Burgon Trever B, Jenkins Jomaquai A, Deitz Stephen B, Spagnolo Jeannie F, Kirkegaard Karla
Department of Microbiology and Immunology, Stanford University School of Medicine, Stanford, CA 94305-5402, USA.
J Virol. 2009 Oct;83(19):10129-39. doi: 10.1128/JVI.00642-09. Epub 2009 Jul 22.
The rate of protein secretion in host cells is inhibited during infection with several different picornaviruses, with consequences likely to have significant effects on viral growth, spread, and pathogenesis. This Sin(+) (secretion inhibition) phenotype has been documented for poliovirus, foot-and-mouth disease virus, and coxsackievirus B3 and can lead to reduced cell surface expression of major histocompatibility complex class I and tumor necrosis factor receptor as well as reduced extracellular secretion of induced cytokines such as interleukin-6 (IL-6), IL-8, and beta interferon. The inhibition of protein secretion is global, affecting the movement of all tested cargo proteins through the cellular secretion apparatus. To test the physiological significance of the Sin(-) and Sin(+) phenotypes in animal models, Sin(-) mutant viruses are needed that fail to inhibit host protein secretion and also exhibit robust growth properties. To identify such Sin(-) mutant polioviruses, we devised a fluorescence-activated cell sorter-based screen to select virus-infected cells that nevertheless expressed newly synthesized surface proteins. After multiple rounds of selection, candidate Sin(-) mutant viruses were screened for genetic stability, increased secretion of cargo molecules and wild-type translation and growth properties. A newly identified Sin(-) mutant poliovirus that contained coding changes in nonstructural proteins 2A (N32D) and 2C (E253G) was characterized. In this virus, the 2C mutation is responsible for the Sin(-) phenotype and the 2A mutation suppresses a resulting growth defect by increasing the rate of cell death and therefore the rate of viral spread. The 2A-N32D suppressor mutation was not allele specific and, by increasing the rate of cellular apoptosis, affected a completely different pathway than the 2C-E253G Sin(-) mutation. Therefore, the 2A mutation suppresses the 2C-E253G mutant phenotype by a bypass suppression mechanism.

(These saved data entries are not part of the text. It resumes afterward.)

theorem mainTheorem8:
  fixes evM :: "'hm::{real_inner,complete_space} \<Rightarrow> ('a \<times> 'w \<times> 'x) \<Rightarrow> real"
    and KM :: "('a \<times> 'w \<times> 'x) \<Rightarrow> ('a \<times> 'w \<times> 'x) \<Rightarrow> real"
    and evG :: "'hg::{real_inner,complete_space} \<Rightarrow> ('a \<times> 'z \<times> 'x) \<Rightarrow> real"
    and KG :: "('a \<times> 'z \<times> 'x) \<Rightarrow> ('a \<times> 'z \<times> 'x) \<Rightarrow> real"
    and lam_m gam_m lam_g gam_g :: real
    and A :: "'n::finite \<Rightarrow> 'a" and Z :: "'n \<Rightarrow> 'z" and W :: "'n \<Rightarrow> 'w"
    and X :: "'n \<Rightarrow> 'x" and Y :: "'n \<Rightarrow> real"
    and p :: "'a \<Rightarrow> 'w \<Rightarrow> 'x \<Rightarrow> real"
    and q :: "'a \<Rightarrow> 'z \<Rightarrow> 'x \<Rightarrow> real"
    and h :: "'a \<Rightarrow> 'w \<Rightarrow> 'x \<Rightarrow> real"
  assumes "rkhs evM KM" and "rkhs evG KG"
    and "lam_m > 0" and "gam_m > 0" and "lam_g > 0" and "gam_g > 0"
  shows
   "let n = real CARD('n);
        \<Phi>q = (\<lambda>f. (1/n) * (\<Sum>i\<in>UNIV. (q (A i) (Z i) (X i) - 1 / p (A i) (W i) (X i))
                                 * evM f (A i, W i, X i)));
        \<Phi>h = (\<lambda>f. (1/n) * (\<Sum>i\<in>UNIV. (Y i - h (A i) (W i) (X i)) * evG f (A i, Z i, X i)));
        nM = (\<lambda>f. (1/n) * (\<Sum>i\<in>UNIV. (evM f (A i, W i, X i))\<^sup>2));
        nG = (\<lambda>f. (1/n) * (\<Sum>i\<in>UNIV. (evG f (A i, Z i, X i))\<^sup>2));
        KMn = (\<chi> i j. KM (A i, W i, X i) (A j, W j, X j)) :: real^'n^'n;
        KGn = (\<chi> i j. KG (A i, Z i, X i) (A j, Z j, X j)) :: real^'n^'n;
        \<psi>q = (\<chi> i. (1/n) * (q (A i) (Z i) (X i) - 1 / p (A i) (W i) (X i))) :: real^'n;
        \<psi>h = (\<chi> i. (1/n) * (Y i - h (A i) (W i) (X i))) :: real^'n;
        RM = matrix_inv ((lam_m / gam_m * (1/n)) *\<^sub>R KMn + mat 1);
        RG = matrix_inv ((lam_g / gam_g * (1/n)) *\<^sub>R KGn + mat 1)
    in is_max_value (\<lambda>f. \<Phi>q f - lam_m * nM f - gam_m * (norm f)\<^sup>2)
          (1 / (4 * gam_m) * (\<psi>q \<bullet> ((KMn ** RM) *v \<psi>q)))
     \<and> 1 / (4 * gam_m) * (\<psi>q \<bullet> ((KMn ** RM) *v \<psi>q))
         = 1 / (4 * gam_m) * (\<psi>q \<bullet> ((matrix_sqrt KMn ** RM ** matrix_sqrt KMn) *v \<psi>q))
     \<and> is_max_value (\<lambda>f. \<Phi>h f - lam_g * nG f - gam_g * (norm f)\<^sup>2)
          (1 / (4 * gam_g) * (\<psi>h \<bullet> ((KGn ** RG) *v \<psi>h)))
     \<and> 1 / (4 * gam_g) * (\<psi>h \<bullet> ((KGn ** RG) *v \<psi>h))
         = 1 / (4 * gam_g) * (\<psi>h \<bullet> ((matrix_sqrt KGn ** RG ** matrix_sqrt KGn) *v \<psi>h))"
proof -
  note M = rkhs_penalized_empirical_max[OF assms(1) less_imp_le[OF assms(3)] assms(4), where pts = "\<lambda>i. (A i, W i, X i)"
             and c = "\<lambda>i. q (A i) (Z i) (X i) - 1 / p (A i) (W i) (X i)"]
  note G = rkhs_penalized_empirical_max[OF assms(2) less_imp_le[OF assms(5)] assms(6), where pts = "\<lambda>i. (A i, Z i, X i)"
             and c = "\<lambda>i. Y i - h (A i) (W i) (X i)"]
  show ?thesis unfolding Let_def using M G by simp
qed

在感染几种不同的小核糖核酸病毒期间,宿主细胞中的蛋白质分泌速率受到抑制,其后果可能会对病毒的生长、传播及发病机制产生重大影响。脊髓灰质炎病毒、口蹄疫病毒和柯萨奇病毒B3都有这种Sin(+)(分泌抑制)表型记录,它可导致主要组织相容性复合体I类分子和肿瘤坏死因子受体的细胞表面表达减少,以及白细胞介素-6(IL-6)、IL-8和β干扰素等诱导细胞因子的细胞外分泌减少。蛋白质分泌的抑制是全局性的,影响所有测试的货物蛋白通过细胞分泌装置的移动。为了在动物模型中测试Sin(-)和Sin(+)表型的生理意义,需要Sin(-)突变病毒,这些病毒不能抑制宿主蛋白分泌,并且还具有强大的生长特性。为了鉴定此类Sin(-)突变脊髓灰质炎病毒,我们设计了一种基于荧光激活细胞分选仪的筛选方法,以选择那些仍能表达新合成表面蛋白的病毒感染细胞。经过多轮筛选,对候选Sin(-)突变病毒进行了遗传稳定性、货物分子分泌增加以及野生型翻译和生长特性的筛选。鉴定出一种新的Sin(-)突变脊髓灰质炎病毒,其非结构蛋白2A(N³²D)和2C(E²⁵³G)存在编码变化。在这种病毒中,2C突变导致Sin(-)表型,而2A突变通过增加细胞死亡速率从而增加病毒传播速率来抑制由此产生的生长缺陷。2A-N³²D抑制突变不是等位基因特异性的,并且通过增加细胞凋亡速率,影响了与2C-E²⁵³G Sin(-)突变完全不同的途径。因此,2A突变通过旁路抑制机制抑制2C-E²⁵³G突变表型。